■ **Problem description**:
Go through the data below and return each line containing the word "list".

==== The input

(* Assume $\bar p=1/2$. For every distribution $\eta$ on $\mathcal R$, $\lim_{n\to\infty}E_\eta[F_{n+1}]/n=1$. Moreover there exist constants $c_1,c_2>0$ such that for every $n\in\mathbb N$ and every distribution $\eta$ on $\mathcal R$, $$\big|E_\eta[F_{n+1}]-n-(1+\eta\cdot\tilde{\mathbf r})\big|\le c_1e^{-c_2n},\qquad\text{where }\tilde{\mathbf r}=(I-K+2\mathbf p\,\mu D_pK)^{-1}(\mathbf 1-\mathbf p)-\mathbf 1.$$
   Context: Let $\mathcal R=\{1,\dots,N\}$ and let $K$ be a stochastic matrix on $\mathcal R$ whose Markov chain has a unique closed irreducible subset; let $\mu$ (row vector) be its unique stationary distribution. Fix $p:\mathcal R\to(0,1)$, $\mathbf p=(p(1),\dots,p(N))^t$, $\mathbf 1$ the all-ones column vector, $I$ the identity, $D_p$ the diagonal matrix with entries $p(i)$, $\bar p=\mu\cdot\mathbf p$. Under $P_\eta$, $(R_j)_{j\ge1}$ is a Markov chain with transition matrix $K$ and $R_1\sim\eta$, and given $(R_j)$ the $\xi(j)$ are independent Bernoulli$(p(R_j))$. $F_m=\inf\{k\ge0:\sum_{j=1}^{k+m}\xi(j)=m\}$ is the number of failures before the $m$-th success. (Equivalently $E_\eta[F_{n+1}]=E_\eta[V_1\mid V_0=n]$ for the backward branching-like process $V_i=F^i_{V_{i-1}+1}$.) *)

theory Defs
  imports "HOL-Analysis.Analysis"
begin

text \<open>States R = {1..N} are modelled by a finite type 'n (N = CARD('n)).
 Matrices are real^'n^'n, row vectors (distributions) and column vectors are real^'n.\<close>

definition stochastic_matrix :: "real^'n^'n \<Rightarrow> bool" where
  "stochastic_matrix K \<longleftrightarrow> (\<forall>i j. K$i$j \<ge> 0) \<and> (\<forall>i. (\<Sum>j\<in>UNIV. K$i$j) = 1)"

definition prob_vector :: "real^'n \<Rightarrow> bool" where
  "prob_vector \<eta> \<longleftrightarrow> (\<forall>i. \<eta>$i \<ge> 0) \<and> (\<Sum>i\<in>UNIV. \<eta>$i) = 1"

definition step_rel :: "real^'n^'n \<Rightarrow> ('n \<times> 'n) set" where
  "step_rel K = {(i, j). K$i$j > 0}"

definition closed_set :: "real^'n^'n \<Rightarrow> 'n set \<Rightarrow> bool" where
  "closed_set K C \<longleftrightarrow> (\<forall>i\<in>C. \<forall>j. K$i$j > 0 \<longrightarrow> j \<in> C)"

definition irreducible_set :: "real^'n^'n \<Rightarrow> 'n set \<Rightarrow> bool" where
  "irreducible_set K C \<longleftrightarrow> C \<noteq> {} \<and> (\<forall>i\<in>C. \<forall>j\<in>C. (i, j) \<in> (step_rel K)\<^sup>*)"

definition unique_closed_irreducible :: "real^'n^'n \<Rightarrow> bool" where
  "unique_closed_irreducible K \<longleftrightarrow> (\<exists>!C. closed_set K C \<and> irreducible_set K C)"

definition stationary_dist :: "real^'n^'n \<Rightarrow> real^'n \<Rightarrow> bool" where
  "stationary_dist K \<mu> \<longleftrightarrow> prob_vector \<mu> \<and> \<mu> v* K = \<mu>"

definition bern :: "real^'n \<Rightarrow> 'n \<Rightarrow> bool \<Rightarrow> real" where
  "bern p r b = (if b then p$r else 1 - p$r)"

text \<open>Probability that, starting (already) in state r, the next states and outcomes are xs.\<close>
fun trans_prob :: "real^'n^'n \<Rightarrow> real^'n \<Rightarrow> 'n \<Rightarrow> ('n \<times> bool) list \<Rightarrow> real" where
  "trans_prob K p r [] = 1"
| "trans_prob K p r ((s, b) # xs) = K$r$s * bern p s b * trans_prob K p s xs"

text \<open>P_eta((R_1,xi(1)),...,(R_L,xi(L))) = xs : finite-dimensional distributions.\<close>
fun path_prob :: "real^'n^'n \<Rightarrow> real^'n \<Rightarrow> real^'n \<Rightarrow> ('n \<times> bool) list \<Rightarrow> real" where
  "path_prob K p \<eta> [] = 1"
| "path_prob K p \<eta> ((r, b) # xs) = \<eta>$r * bern p r b * trans_prob K p r xs"

definition successes :: "('n \<times> bool) list \<Rightarrow> nat" where
  "successes xs = length (filter snd xs)"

========

■ **Response**:
fun trans_prob :: "real^'n^'n \<Rightarrow> real^'n \<Rightarrow> 'n \<Rightarrow> ('n \<times> bool) list \<Rightarrow> real" where
fun path_prob :: "real^'n^'n \<Rightarrow> real^'n \<Rightarrow> real^'n \<Rightarrow> ('n \<times> bool) list \<Rightarrow> real" where
definition successes :: "('n \<times> bool) list \<Rightarrow> nat" where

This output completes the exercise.